- Entries supplied -
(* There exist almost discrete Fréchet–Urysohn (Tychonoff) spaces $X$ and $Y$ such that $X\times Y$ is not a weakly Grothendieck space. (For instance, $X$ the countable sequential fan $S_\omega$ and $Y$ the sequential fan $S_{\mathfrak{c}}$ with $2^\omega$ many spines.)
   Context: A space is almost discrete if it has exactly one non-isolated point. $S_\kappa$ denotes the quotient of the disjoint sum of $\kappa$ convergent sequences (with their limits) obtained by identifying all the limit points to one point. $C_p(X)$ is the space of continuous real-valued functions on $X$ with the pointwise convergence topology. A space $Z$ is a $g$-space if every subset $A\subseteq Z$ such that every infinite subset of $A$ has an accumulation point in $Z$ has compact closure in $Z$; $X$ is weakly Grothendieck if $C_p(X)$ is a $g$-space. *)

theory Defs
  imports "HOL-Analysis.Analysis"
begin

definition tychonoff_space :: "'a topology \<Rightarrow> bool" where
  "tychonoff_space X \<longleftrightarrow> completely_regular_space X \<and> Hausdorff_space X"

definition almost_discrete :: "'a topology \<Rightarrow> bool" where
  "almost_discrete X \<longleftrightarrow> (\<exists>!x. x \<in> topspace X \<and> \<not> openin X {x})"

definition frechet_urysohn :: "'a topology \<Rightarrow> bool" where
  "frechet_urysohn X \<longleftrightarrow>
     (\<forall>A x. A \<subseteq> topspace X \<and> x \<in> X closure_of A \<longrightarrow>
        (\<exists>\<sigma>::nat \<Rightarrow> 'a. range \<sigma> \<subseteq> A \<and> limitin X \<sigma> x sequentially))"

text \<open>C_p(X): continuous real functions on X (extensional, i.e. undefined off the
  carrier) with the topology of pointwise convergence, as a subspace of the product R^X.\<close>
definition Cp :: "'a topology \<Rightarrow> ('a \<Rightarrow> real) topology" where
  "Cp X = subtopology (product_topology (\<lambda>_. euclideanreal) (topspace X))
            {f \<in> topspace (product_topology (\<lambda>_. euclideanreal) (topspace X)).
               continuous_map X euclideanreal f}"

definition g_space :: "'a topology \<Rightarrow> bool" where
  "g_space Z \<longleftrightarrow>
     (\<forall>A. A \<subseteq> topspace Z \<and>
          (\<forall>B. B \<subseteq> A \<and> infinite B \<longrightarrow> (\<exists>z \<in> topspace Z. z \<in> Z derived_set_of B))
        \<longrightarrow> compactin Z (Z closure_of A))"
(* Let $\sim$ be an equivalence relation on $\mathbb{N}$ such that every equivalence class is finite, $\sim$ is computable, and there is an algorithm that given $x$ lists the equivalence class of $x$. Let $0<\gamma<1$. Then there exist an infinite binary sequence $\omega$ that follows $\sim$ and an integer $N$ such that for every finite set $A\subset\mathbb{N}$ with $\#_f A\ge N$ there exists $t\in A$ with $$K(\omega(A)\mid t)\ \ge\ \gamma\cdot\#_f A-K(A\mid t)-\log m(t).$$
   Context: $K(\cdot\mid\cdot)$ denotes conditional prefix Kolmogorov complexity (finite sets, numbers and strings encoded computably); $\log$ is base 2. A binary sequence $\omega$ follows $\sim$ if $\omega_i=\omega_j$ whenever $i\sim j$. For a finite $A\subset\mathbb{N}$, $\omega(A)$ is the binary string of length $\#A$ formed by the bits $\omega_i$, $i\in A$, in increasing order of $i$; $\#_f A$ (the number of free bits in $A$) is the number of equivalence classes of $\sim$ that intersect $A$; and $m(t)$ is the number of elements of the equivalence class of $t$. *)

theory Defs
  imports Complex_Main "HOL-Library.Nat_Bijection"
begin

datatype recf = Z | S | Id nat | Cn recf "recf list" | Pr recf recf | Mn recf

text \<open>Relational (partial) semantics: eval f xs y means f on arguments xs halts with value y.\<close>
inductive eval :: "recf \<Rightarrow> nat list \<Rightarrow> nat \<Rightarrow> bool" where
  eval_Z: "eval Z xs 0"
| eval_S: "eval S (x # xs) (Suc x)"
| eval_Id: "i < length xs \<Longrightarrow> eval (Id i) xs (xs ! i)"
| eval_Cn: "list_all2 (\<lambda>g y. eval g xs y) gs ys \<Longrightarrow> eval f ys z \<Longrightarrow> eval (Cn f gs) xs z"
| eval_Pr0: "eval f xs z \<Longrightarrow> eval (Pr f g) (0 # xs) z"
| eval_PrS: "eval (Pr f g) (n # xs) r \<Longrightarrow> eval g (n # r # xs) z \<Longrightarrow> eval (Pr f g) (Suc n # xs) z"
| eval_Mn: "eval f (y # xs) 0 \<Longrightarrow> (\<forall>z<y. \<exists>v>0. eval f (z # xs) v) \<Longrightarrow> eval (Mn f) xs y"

- Assigned task -
Only the lines above that include the word "lambda" belong in the answer; copy each one.

- Response to the exercise -
  "Cp X = subtopology (product_topology (\<lambda>_. euclideanreal) (topspace X))
            {f \<in> topspace (product_topology (\<lambda>_. euclideanreal) (topspace X)).
| eval_Cn: "list_all2 (\<lambda>g y. eval g xs y) gs ys \<Longrightarrow> eval f ys z \<Longrightarrow> eval (Cn f gs) xs z"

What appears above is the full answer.